The Scout Motto is 隨時準備 in Chinese and Sempre Pronto in Portuguese.

===Scout Oath===

Chinese:

我謹以至誠宣誓：
　對國家，對澳門，對信仰要負責；
　對別人，要幫助；
　對規律，要遵行。

Portuguese:

Prometo pela minha honra por amar e servir fielmente à minha religião e à minha terra, auxiliar o próximo, obedecer à Lei do Escoteiro.

English translation:

On my honour, I promise that I will do my best to my Country, to Macau, and to my religion, to help other people and to keep the Scout Law.

===Leaders===

Each Group is headed by a Group Scout Leader and assisted by an Assistant Group Scout Leader.

==Emblem==

The emblem of the Scouting Association of Macau is based on Macau colonial past. A gold fleur-de-lis shared with the symbol of world Scouting movement.

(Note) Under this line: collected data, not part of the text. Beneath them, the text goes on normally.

lemma richardson_contraction:
  assumes fu: "finite (supp u)"
  shows "fsum (\<lambda>x. (richardson u x)\<^sup>2) \<le> rate * fsum (\<lambda>x. (u x)\<^sup>2)"
proof -
  define U where "U = fsum (\<lambda>x. (u x)\<^sup>2)"
  define Q where "Q = fsum (\<lambda>x. u x * A u x)"
  define A2 where "A2 = fsum (\<lambda>x. (A u x)\<^sup>2)"
  have fA: "finite (supp (A u))" using fu by (rule finite_supp_kernel_apply)
  have "(\<lambda>x. (richardson u x)\<^sup>2)
      = (\<lambda>x. ((u x)\<^sup>2 - 2 * step * (u x * A u x)) + step\<^sup>2 * (A u x)\<^sup>2)"
    unfolding richardson_def by (rule ext) (simp add: power2_diff algebra_simps power2_eq_square)
  then have "fsum (\<lambda>x. (richardson u x)\<^sup>2) = U - 2 * step * Q + step\<^sup>2 * A2"
    unfolding U_def Q_def A2_def using fu fA
    by (simp add: fsum_add fsum_diff fsum_cmult finite_supp_diff finite_supp_mult_left
        finite_supp_power2 finite_supp_mult_right)
  also have "\<dots> \<le> U - 2 * step * (c * U) + step\<^sup>2 * (op_bound * U)"
  proof -
    have "c * U \<le> Q" unfolding U_def Q_def by (rule coercive[OF fu])
    moreover have "A2 \<le> op_bound * U" unfolding A2_def U_def by (rule fsum_apply_square_le[OF fu])
    ultimately show ?thesis using step_pos by (smt (verit) mult_left_mono zero_le_power2)
  qed
  also have "\<dots> = rate * U"
    unfolding step_def rate_def using op_bound_pos by (simp add: field_simps power2_eq_square)
  finally show ?thesis unfolding U_def .
qed

definition iterate :: "int^'d \<Rightarrow> nat \<Rightarrow> int^'d \<Rightarrow> real" where
  "iterate w n = (richardson ^^ n) (unit_at w)"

Within the fleur-de-lis is an escutcheon based on Macau's colonial coat of arms before 1999 (elements consisting of the five blue escutcheons from the coat of arms of Afonso I of Portugal, five green and white waves and a gold Chinese dragon on blue background holding a blue escutcheon from Afonso I of Portugal) The lower portions of the emblem is the Scouting motto: Sempre Pronto (Portuguese) and "隨時準備" (Chinese) meaning Always Ready in English.

==Headquarters==

The Scouts' headquarters is The Fortress at Jardim Camoes, a 150-year-old well-preserved Portuguese-style fortress dating from colonial Macau and a famous tourist spot in the city. The Fortress was offered to the AEM in 1999 by the former Macau government, in appreciation of the contribution made by the Scouts and in supporting further development of Scouting in Macau.

==Organization==
The organization is protected under Macau Basic Law Article 127 under Chapter VI Culture and Social Affairs.

===Chief Commissioner===

The Scout Association of Macau is headed by a Chief Commissioner and as of 2016 is led by Francisca Vong (黃健清).

==Ranks==
- Chief Commissioner
- Deputy Chief Commissioner
- Department Commissioner
- Assistant Department Commissioner
- Chief of Division
- Assistant Chief of Division
- Trainer
- Assistant HQ Scout Leader
- Head Scouter
- Group Scout Leader
- Assistant Group Scout Leader
- Venture Scout Leader
- Venture Scout
- Scout Leader
- Scout
- Cub Scout Leader
- Cub Scout

===Groups===
The association has 36 groups with a total of about 5000 members.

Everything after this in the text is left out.